Thank you in advance for helping.

n0sk1ll, How to prove the solution for B?

Is there rigorous proof for question D?

I have some questions about the solution to problem A. What if I have taken all the characters in string A but there is still more than k characters in string B?

For problem E, there exists easier way to check if graph is connected.

Repeat $$$log$$$ $$$max$$$ $$$a_i$$$ times following :

• If $$$a_0$$$ $$$\text &$$$ $$$a_i>0$$$ set $$$a_0$$$ to $$$a_0|a_i$$$

Finally if there exists some $$$a_i$$$ that $$$a_i$$$ $$$\text&$$$ $$$a_0=0$$$ then graph is disconnected.

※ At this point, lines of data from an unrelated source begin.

lemma cubic_root_real:
  fixes z :: complex and a b :: real
  assumes root: "z ^ 3 - of_real a * z - of_real b = 0" and disc: "27 * b\<^sup>2 \<le> 4 * a ^ 3"
  shows "z \<in> \<real>"
proof (rule ccontr)
  assume "z \<notin> \<real>"
  obtain u v where z: "z = Complex u v" by (cases z)
  with \<open>z \<notin> \<real>\<close> have v: "v \<noteq> 0" by (auto simp: complex_is_Real_iff)
  have re: "u ^ 3 - 3 * u * v\<^sup>2 - a * u - b = 0" and im: "3 * u\<^sup>2 * v - v ^ 3 - a * v = 0"
    using root unfolding z complex_eq_iff
    by (simp_all add: power3_eq_cube power2_eq_square algebra_simps)
  have "v * (3 * u\<^sup>2 - v\<^sup>2 - a) = 0"
    using im by (simp add: power3_eq_cube power2_eq_square algebra_simps)
  then have v2: "v\<^sup>2 = 3 * u\<^sup>2 - a" using v by simp
  have "b = u ^ 3 - 3 * u * v\<^sup>2 - a * u" using re by simp
  also have "\<dots> = 2 * u * (a - 4 * u\<^sup>2)"
    unfolding v2 by (simp add: power2_eq_square power3_eq_cube algebra_simps)
  finally have b: "b = 2 * u * (a - 4 * u\<^sup>2)" .
  have "v\<^sup>2 > 0" using v by simp
  then have pos: "3 * u\<^sup>2 - a > 0" using v2 by linarith
  have "27 * b\<^sup>2 - 4 * a ^ 3 = 4 * (3 * u\<^sup>2 - a) * (12 * u\<^sup>2 - a)\<^sup>2"
    unfolding b by (simp add: power2_eq_square power3_eq_cube algebra_simps)
  moreover have "12 * u\<^sup>2 - a > 0" using pos zero_le_power2[of u] by linarith
  ultimately have "27 * b\<^sup>2 - 4 * a ^ 3 > 0" using pos by simp
  then show False using disc by simp
qed

lemma real_spectrum_if_char_poly_cubic:
  fixes A :: "complex mat" and a b :: real
  assumes char_poly: "char_poly A = monom 1 k * [:- of_real b, - of_real a, 0, 1:]"
    and disc: "27 * b\<^sup>2 \<le> 4 * a ^ 3"
  shows "real_spectrum A"
  unfolding real_spectrum_def
proof
  fix z assume z: "z \<in># spec A"
  then have "char_poly A \<noteq> 0" by (auto simp: spec_def)
  with z have "poly (char_poly A) z = 0" by (simp add: spec_def)
  then have "z ^ k * (z ^ 3 - of_real a * z - of_real b) = 0"
    unfolding char_poly by (simp add: poly_monom algebra_simps power3_eq_cube)
  then show "z \<in> \<real>" using cubic_root_real[OF _ disc] by auto
qed

lemma index_adj_mat:
  "u < N \<Longrightarrow> v < N \<Longrightarrow>
    adj_mat N A \<sigma> $$ (u, v) = (if (u, v) \<in> A then of_int (\<sigma> (u, v)) else 0)"
  by (simp add: adj_mat_def)

lemma sum_if_const_card:
  fixes m :: nat
  shows "(\<Sum>j<m. if P j then c else 0) = of_nat (card {j. j < m \<and> P j}) * (c :: 'a :: comm_semiring_1)"
  using sum.inter_filter[of "{..<m}" "\<lambda>_. c" P] by simp

definition out_degree :: "(nat \<times> nat) set \<Rightarrow> nat \<Rightarrow> nat" where
  "out_degree A v = card {w. (v, w) \<in> A}"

In problem E, the check for connectivity can be done in $$$O(n \log{max(b_i)})$$$ in another way too:

Construct bipartite graph with one set of nodes corresponding to elements of the array, and one set of nodes corresponding to bits, edge exists between element $$$i$$$ and bit $$$x$$$ if $$$x$$$'th bit is set in $$$a_i$$$. Finally, just check this constructed graph.

In D you can just rotate co-ordinates in 45 Degress that makes stuff really easy

Testcases for A are weak. https://codeforces.com/contest/1689/submission/238293004 In this submission the output for 1 2 1 2 ab a The output of code-aa Actual output-a I'm not sure if the testcases can be changed now but just noticed the error so thought I should comment it.